TASK PROMPT> The entries must be retyped exactly, down to the last line.

SUPPLIED RECORDS>

lemma mpoly_mtranslate: "mpoly c \<Longrightarrow> mpoly (mtranslate x c)"
  unfolding mtranslate_def by (intro mpoly_monom_comb finite_SIGMA_atMost)

lemma riesz_mtranslate:
  assumes "mpoly c"
  shows "riesz s (mtranslate x c)
           = (\<Sum>\<gamma> | c \<gamma> \<noteq> 0. \<Sum>\<alpha>\<in>{..\<gamma>}. c \<gamma> * mchoose \<gamma> \<alpha> * monom_eval (\<gamma> - \<alpha>) x * s \<alpha>)"
  unfolding mtranslate_def riesz_monom_comb[OF finite_SIGMA_atMost[OF assms]]
  using assms by (subst sum.Sigma) (auto simp: mpoly_def split_def)

lemma meval_mtranslate:
  assumes "mpoly c"
  shows "meval (mtranslate x c) z = meval c (x + z)"
proof -
  have "meval (mtranslate x c) z
          = (\<Sum>\<gamma> | c \<gamma> \<noteq> 0. c \<gamma> * (\<Sum>\<alpha>\<in>{..\<gamma>}. mchoose \<gamma> \<alpha> * monom_eval \<alpha> z * monom_eval (\<gamma> - \<alpha>) x))"
    unfolding meval_eq_riesz riesz_mtranslate[OF assms] by (simp add: sum_distrib_left algebra_simps)
  also have "\<dots> = meval c (x + z)"
    by (simp add: meval_def monom_eval_binomial)
  finally show ?thesis .
qed

lemma mpartial_eq: "mpartial \<alpha> c \<beta> = c (\<alpha> + \<beta>) * (\<Prod>i\<in>UNIV. fact (\<alpha> i + \<beta> i) / fact (\<beta> i))"
  by (simp add: mpartial_def plus_fun_def)

lemma mpartial_coeff: "(\<Prod>i\<in>UNIV. fact (\<alpha> i + \<beta> i) / fact (\<beta> i)) / mfact \<alpha> = mchoose (\<alpha> + \<beta>) \<alpha>"
  unfolding mfact_def mchoose_def prod_dividef[symmetric]
  by (intro prod.cong) (simp_all add: binomial_fact divide_divide_eq_left mult.commute)

lemma fun_add_diff_cancel: "\<alpha> \<le> \<gamma> \<Longrightarrow> \<alpha> + (\<gamma> - \<alpha>) = (\<gamma> :: 'a \<Rightarrow> nat)"
  by (auto simp: le_fun_def fun_eq_iff)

SOLVED EXERCISE>
lemma mpoly_mtranslate: "mpoly c \<Longrightarrow> mpoly (mtranslate x c)"
  unfolding mtranslate_def by (intro mpoly_monom_comb finite_SIGMA_atMost)

lemma riesz_mtranslate:
  assumes "mpoly c"
  shows "riesz s (mtranslate x c)
           = (\<Sum>\<gamma> | c \<gamma> \<noteq> 0. \<Sum>\<alpha>\<in>{..\<gamma>}. c \<gamma> * mchoose \<gamma> \<alpha> * monom_eval (\<gamma> - \<alpha>) x * s \<alpha>)"
  unfolding mtranslate_def riesz_monom_comb[OF finite_SIGMA_atMost[OF assms]]
  using assms by (subst sum.Sigma) (auto simp: mpoly_def split_def)

lemma meval_mtranslate:
  assumes "mpoly c"
  shows "meval (mtranslate x c) z = meval c (x + z)"
proof -
  have "meval (mtranslate x c) z
          = (\<Sum>\<gamma> | c \<gamma> \<noteq> 0. c \<gamma> * (\<Sum>\<alpha>\<in>{..\<gamma>}. mchoose \<gamma> \<alpha> * monom_eval \<alpha> z * monom_eval (\<gamma> - \<alpha>) x))"
    unfolding meval_eq_riesz riesz_mtranslate[OF assms] by (simp add: sum_distrib_left algebra_simps)
  also have "\<dots> = meval c (x + z)"
    by (simp add: meval_def monom_eval_binomial)
  finally show ?thesis .
qed

lemma mpartial_eq: "mpartial \<alpha> c \<beta> = c (\<alpha> + \<beta>) * (\<Prod>i\<in>UNIV. fact (\<alpha> i + \<beta> i) / fact (\<beta> i))"
  by (simp add: mpartial_def plus_fun_def)

lemma mpartial_coeff: "(\<Prod>i\<in>UNIV. fact (\<alpha> i + \<beta> i) / fact (\<beta> i)) / mfact \<alpha> = mchoose (\<alpha> + \<beta>) \<alpha>"
  unfolding mfact_def mchoose_def prod_dividef[symmetric]
  by (intro prod.cong) (simp_all add: binomial_fact divide_divide_eq_left mult.commute)

lemma fun_add_diff_cancel: "\<alpha> \<le> \<gamma> \<Longrightarrow> \<alpha> + (\<gamma> - \<alpha>) = (\<gamma> :: 'a \<Rightarrow> nat)"
  by (auto simp: le_fun_def fun_eq_iff)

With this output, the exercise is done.